Disclaimer: I work at Timescale.

[1] https://hasura.io/blog/using-timescaledb-with-hasura-graphql...


What ever happened to the Coral Content Distribution Network. (From co-counder of Timescale.) Such a cool project.


:wave:

CoralCDN ran from about 2004 - 2015. Eventually, its need was pretty much negated by the rise of free CDN services (e.g., Cloudflare) or just lots of SaaS services that supported user-generated content. For example, in late 2004, many of the amateur videos of a large Indian Ocean earthquake & tsunami were shared using CoralCDN, but that soon went to YouTube. Podcasters like "This Week in Tech" were using CoralCDN, but those went to freemium podcasting services. And so on.

What eventually took CoralCDN "down" was that the academic platform on which the ~1000 servers ran, PlanetLab (https://planetlab.cs.princeton.edu/) was end-of-life'd.

But taking a step back, the original thinking behind CoralCDN was as a peer-to-peer CDN, but there were a lot of web security issues that actually made that difficult. If folks are interested, I talk about some of these issues in this 2009 retrospective [0], also also outline a browser-based P2P CDN in this workshop paper that could address (and actually make it P2P but secure)[1]. But still, I think the economics of CDNs (and transit costs) have just changed, such that most of the p2p architectures just don't make sense today like they did in early 2000s.

But thanks for the kind words!

[0] https://www.cs.princeton.edu/~mfreed/docs/coral-nsdi10.pdf

[1] https://www.cs.princeton.edu/~mfreed/docs/firecoral-iptps09....


You just made mfreed's day :-)


> The future is serverless, but not database-less.

I'm a fan of Timescale but definitely not a fan of "serverless" as a phrase.

That phrase is just abstracting "other people's computers" one additional degree, in a borderline meaningless way.

There's still a server. How is that serverless? It's just a server managed in a more indirect way.

Please convince me I am wrong here.


Your view is the pedant’s view. Of course there are servers. There always will be, to some degree. They’re just not your servers to manage (e.g. update, scale) or pay for. You don’t own them, or even rent them, so you can eliminate the hardware details from your thought process.


> Your view is the pedant’s view

You still face constraints, and the platform design is informed by the hardware it runs on.


I like serverless. I know that cloud providers can run my code and auto scale it however is needed. I don't want to worry about how that actually works. I don't want to auto scale servers or think about RAM, etc.

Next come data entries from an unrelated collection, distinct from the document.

text \<open>
  Split \<open>\<epsilon>_k^2 \<delta>_k = \<sigma>^2 \<delta>_k + \<delta>_k (\<epsilon>_k^2 - \<sigma>^2)\<close> and
  \<open>\<delta>_2k \<delta>_2k+1 \<epsilon>_2k \<epsilon>_2k+1 = \<rho> p^(i)(1,1) \<delta>_k + \<rho> \<delta>_k (\<zeta>^0_k \<zeta>^1_k - p^(i)(1,1)) + \<delta>_k \<zeta>^0_k \<zeta>^1_k (\<epsilon>_2k \<epsilon>_2k+1 - \<rho>)\<close>.
  The sums of \<open>\<delta>_k\<close> are cumulative sums of the counts \<open>Z_m^i\<close>, so \<open>Z_n^i / \<pi>^n \<longrightarrow> W z^i\<close> gives the
  main terms by a Toeplitz argument.  Every other sum is a sum of pairwise orthogonal centred
  variables with second moments \<open>O(E \<delta>_k)\<close>; as \<open>\<Sum> E \<delta>_k = O(\<pi>^n)\<close> (z is a left eigenvector of P),
  its second moment is \<open>O(\<pi>^n)\<close> and a Borel-Cantelli argument makes it \<open>o(\<pi>^n)\<close> almost surely.
\<close>

lemma indep_generated_integral:
  fixes F :: "'b \<Rightarrow> real" and G :: "'c \<Rightarrow> real"
  assumes P: "prob_space M"
    and indep: "prob_space.indep_set M (gen_events M N1 Y1) (gen_events M N2 Y2)"
    and [measurable]: "F \<in> borel_measurable N1" "G \<in> borel_measurable N2"
      "Y1 \<in> measurable M N1" "Y2 \<in> measurable M N2"
    and iF: "integrable M (\<lambda>\<omega>. F (Y1 \<omega>))" and iG: "integrable M (\<lambda>\<omega>. G (Y2 \<omega>))"
  shows "(\<integral>\<omega>. F (Y1 \<omega>) * G (Y2 \<omega>) \<partial>M) = (\<integral>\<omega>. F (Y1 \<omega>) \<partial>M) * (\<integral>\<omega>. G (Y2 \<omega>) \<partial>M)"
proof -
  interpret prob_space M by (rule P)
  have stable: "Int_stable (gen_events M N Y)" for N and Y :: "'a \<Rightarrow> 'd"
    unfolding Int_stable_def gen_events_def
  proof clarify
    fix A B assume "A \<in> sets N" "B \<in> sets N"
    then show "\<exists>C. Y -` A \<inter> space M \<inter> (Y -` B \<inter> space M) = Y -` C \<inter> space M \<and> C \<in> sets N"
      by (intro exI[of _ "A \<inter> B"]) auto
  qed
  have comp_sub: "{(\<lambda>\<omega>. H (Y \<omega>)) -` A \<inter> space M | A. A \<in> sets borel} \<subseteq> gen_events M N Y"
    if [measurable]: "H \<in> borel_measurable N" "Y \<in> measurable M N" for H :: "'d \<Rightarrow> real" and N Y
  proof clarify
    fix A :: "real set" assume [measurable]: "A \<in> sets borel"
    have "(\<lambda>\<omega>. H (Y \<omega>)) -` A \<inter> space M = Y -` (H -` A \<inter> space N) \<inter> space M"
      using measurable_space[OF that(2)] by auto
    moreover have "H -` A \<inter> space N \<in> sets N" by measurable
    ultimately show "(\<lambda>\<omega>. H (Y \<omega>)) -` A \<inter> space M \<in> gen_events M N Y"
      unfolding gen_events_def by blast
  qed
  have "indep_set (sigma_sets (space M) (gen_events M N1 Y1)) (sigma_sets (space M) (gen_events M N2 Y2))"
    by (rule indep_set_sigma_sets[OF indep stable stable])
  then have "indep_var borel (\<lambda>\<omega>. F (Y1 \<omega>)) borel (\<lambda>\<omega>. G (Y2 \<omega>))"
    unfolding indep_var_eq indep_set_def
  proof (intro conjI)
    show "random_variable borel (\<lambda>\<omega>. F (Y1 \<omega>))" "random_variable borel (\<lambda>\<omega>. G (Y2 \<omega>))"
      by measurable
  qed (erule indep_sets_mono_sets,
       use sigma_sets_subseteq[OF comp_sub[of F N1 Y1]] sigma_sets_subseteq[OF comp_sub[of G N2 Y2]]
       in \<open>auto split: bool.split\<close>)
  then show ?thesis by (rule indep_var_lebesgue_integral[OF _ iF iG])
qed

I also like cloud services like Timescale. I just want a database of a certain size. How it runs? I don't care at all as long as it works.


> I don't want to worry about how that actually works.

The problem is that while you don't want to know you end-up having to. As soon as you hit the limitations you have to workaround it. As soon as what you are doing becomes expensive for reasons you ignored before, you have to go back and rewrite. The only thing is that because it's a Blackbox, you also have to guess and poke it until it does the thing you want.


A fun gotcha like this is that if you write to an S3 bucket fast enough, they auto-upgrade you to a more powerful set of servers... but this incurs a short outage. Unfortunately, this outage will happen exactly when you don't want it to: when the system is busy with a high write volume!

You just have to "know" that these things happen, and because it's all serverless, it's essentially invisible and out of your control.


Also a fan and user of Timescale, and I hate the serverless phase.

I'm pretty sure everyone is pushing it so they can make money from SaS. But if this allows them to give it away for free, then I'm all for it ( just won't be using it ).


(Timescale co-founder)

I also used to hate the phrase. But now I get it. And it's not about marketing, but about the idea that the developers _doesn't shouldn't have to worry about the server_.

For example, when you run a DB on a classic DBaaS, you have to worry about CPU, memory, storage provisioning. But when you use a classic SaaS service (e.g., Stripe, Twilio), you don't think about servers at all - but rather just how much you are consuming.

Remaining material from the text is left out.